P.S. All nonterminal symbols are grammatical productions. All grammatical productions reduce to one or more nonterminal and/or terminal symbols. Terminal symbols are language keywords.

Answer 4

There is no fixed keyword related to function definitions. With if/else/for/while/switch there is one such keyword that marks the beginning of the logic-control structure.

Even though context allows us humans to discern how come int some_name (some_expression) some_other_expressions; is a function - in programming practice (although doable unambiguously) it takes a lot of backtracking to make sure 3-4-6 symbols ahead in the token-stream nothing changes this from a function declaration to something else.

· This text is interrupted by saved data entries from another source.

text \<open>
  With \<open>Z, W\<close> for \<open>z, w\<close>, \<open>Rz = \<Prod>\<^sub>k\<^sub>\<noteq>\<^sub>i\<^sub>,\<^sub>j (z - \<lambda>\<^sub>k)\<close>, \<open>ei = (\<Prod>\<^sub>k\<^sub>\<noteq>\<^sub>i\<^sub>,\<^sub>j (\<lambda>\<^sub>i - \<lambda>\<^sub>k))\<^sup>-\<^sup>1\<close>, and
  \<open>A, B\<close> the rescaled \<open>\<lambda>\<^sub>i, \<lambda>\<^sub>j\<close>, the two summands are \<open>S\<^sub>i(z) S\<^sub>j'(w)\<close> and \<open>S\<^sub>j(z) S\<^sub>i''(w)\<close>.
\<close>

lemma lagrange_cross_identity:
  fixes Z W li lj A B Rz Rw ei ej u v p r :: "'a::ring_1"
  defines "X \<equiv> {Z, W, li, lj, A, B, Rz, Rw, ei, ej, u, v, p, r}"
  assumes X: "X \<subseteq> commutant X"
    and u: "u * (li - lj) = 1" and v: "v * (lj - li) = 1"
    and p: "p * (lj - A) = 1" and r: "r * (li - B) = 1"
  shows "(Z - lj) * Rz * (ei * u) * ((W - A) * Rw * (ej * p))
         + (Z - li) * Rz * (ej * v) * ((W - B) * Rw * (ei * r))
       = (W - lj) * Rw * (ei * u) * ((Z - A) * Rz * (ej * p))
         + (W - li) * Rw * (ej * v) * ((Z - B) * Rz * (ei * r))"
proof -
  note comm = commuting_set_commute[OF X, unfolded X_def]
  have "v = v * (u * (li - lj))" using u by simp
  also have "\<dots> = - (u * (v * (lj - li)))" by (simp add: algebra_simps comm)
  finally have v_eq: "v = - u" using v by simp
  define K where "K = Rz * Rw * ei * ej * u"
  have "(Z - lj) * Rz * (ei * u) * ((W - A) * Rw * (ej * p))
        - (W - lj) * Rw * (ei * u) * ((Z - A) * Rz * (ej * p)) = K * (p * (lj - A)) * (Z - W)"
    unfolding K_def by (simp add: algebra_simps comm)
  also have "\<dots> = K * (Z - W)"
    using p by simp
  finally have ij: "(Z - lj) * Rz * (ei * u) * ((W - A) * Rw * (ej * p))
        - (W - lj) * Rw * (ei * u) * ((Z - A) * Rz * (ej * p)) = K * (Z - W)" .
  have "(Z - li) * Rz * (ej * v) * ((W - B) * Rw * (ei * r))
        - (W - li) * Rw * (ej * v) * ((Z - B) * Rz * (ei * r)) = - (K * (r * (li - B)) * (Z - W))"
    unfolding K_def v_eq by (simp add: algebra_simps comm)
  also have "\<dots> = - (K * (Z - W))"
    using r by simp
  finally have ji: "(Z - li) * Rz * (ej * v) * ((W - B) * Rw * (ei * r))
        - (W - li) * Rw * (ej * v) * ((Z - B) * Rz * (ei * r)) = - (K * (Z - W))" .
  have "a + c = b + d" if "a - b = e" "c - d = - e" for a b c d e :: 'a
    using that by (simp add: algebra_simps)
  from this[OF ij ji] show ?thesis .
qed

lemma poly_part_identity:
  fixes Z W l A t Nz Nw d :: "'a::ring_1"
  defines "X \<equiv> {Z, W, l, A, t, Nz, Nw, d}"
  assumes X: "X \<subseteq> commutant X"
  shows "(Z + (l + t)) * ((Z - l) * Nz) * (Nw * d) + Nz * d * ((W + (A + t)) * ((W - A) * Nw))
       = (W + (l + t)) * ((W - l) * Nw) * (Nz * d) + Nw * d * ((Z + (A + t)) * ((Z - A) * Nz))"
  by (simp add: algebra_simps commuting_set_commute[OF X, unfolded X_def])

section \<open>Lagrange basis at commuting nodes\<close>

locale lagrange_nodes =
  fixes sc :: "complex \<Rightarrow> 'a::ring_1" and n :: nat and lam :: "nat \<Rightarrow> 'a"
  assumes sc_hom: "central_scalar_hom sc"
    and lam_commute: "\<And>i k. i < n \<Longrightarrow> k < n \<Longrightarrow> lam i * lam k = lam k * lam i"
    and invertible_lam_diff:
      "\<And>i k. i < n \<Longrightarrow> k < n \<Longrightarrow> i \<noteq> k \<Longrightarrow> invertible_el (lam i - lam k)"
begin

abbreviation S :: "(nat \<Rightarrow> 'a) \<Rightarrow> nat \<Rightarrow> complex \<Rightarrow> 'a" where
  "S L i z \<equiv> S_poly sc n L i z"

lemma sc_central: "sc x * a = a * sc x"
  and sc_one: "sc 1 = 1"
  and sc_mult: "sc (x * y) = sc x * sc y"
  using sc_hom unfolding central_scalar_hom_def by blast+

text \<open>The algebra of functions of the nodes, realised as the double commutant of the \<open>\<lambda>\<^sub>k\<close>.\<close>

definition lam_alg :: "'a set" where
  "lam_alg = commutant (commutant (lam ` {..<n}))"

lemma lam_alg_commutative: "lam_alg \<subseteq> commutant lam_alg"
  unfolding lam_alg_def
  by (rule commutant_commutant_commutative) (auto intro: commutantI lam_commute)

lemma lam_alg_commute: "x \<in> lam_alg \<Longrightarrow> y \<in> lam_alg \<Longrightarrow> x * y = y * x"
  using lam_alg_commutative commutantD by blast

lemma commuting_subset_lam_alg: "X \<subseteq> lam_alg \<Longrightarrow> X \<subseteq> commutant X"
  using lam_alg_commutative commutant_antimono by (meson order_trans)

lemma lam_in_lam_alg: "k < n \<Longrightarrow> lam k \<in> lam_alg"
  unfolding lam_alg_def by (rule subset_commutant_commutant[THEN subsetD]) simp

lemma sc_in_lam_alg: "sc x \<in> lam_alg"
  unfolding lam_alg_def by (rule commutantI) (rule sc_central)

lemmas lam_alg_intros = lam_in_lam_alg sc_in_lam_alg
  add_in_commutant[where A = "commutant (lam ` {..<n})", folded lam_alg_def]
  diff_in_commutant[where A = "commutant (lam ` {..<n})", folded lam_alg_def]
  mult_in_commutant[where A = "commutant (lam ` {..<n})", folded lam_alg_def]
  ring_inv_in_commutant[where A = "commutant (lam ` {..<n})", folded lam_alg_def]
  sum_in_commutant[where A = "commutant (lam ` {..<n})", folded lam_alg_def]
  prod_list_in_commutant[where A = "commutant (lam ` {..<n})", folded lam_alg_def]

A programming language parser can be classified by it's approach to parsing, either it takes the current token in the token list and checks if the next token confirms "this is an if" or "this is a function" or it takes a maximum look-ahead tokens (2-3-6?) and confirms "this could be a function", "now that i see the 5th token this is surely a function" or it uses backtracking with a variable look-ahead approach that goes as far ahead in the token list as needed to make sure the construct we are studying is something not something else.

Answer 5

I'm not sure that they did "choose" this. Rather, the ability ommit curly braces for if, while, for, etc. emerges as a natural consequence of the way they specified the grammar. The grammer forbids it for functions probably because of the old-style function declarations.

Answer 6

If I were to speculate, I'd say that it's because a function normally contains more than one statement whereas an if or while statement often contains only one statement. Also, it proved to be long-sighted inasmuch as in C++ allowing the ommission of {} would lead to ambiguities in member functions. For example:

struct s
{
     void f() const int i; //does const refer to int i or the function?
}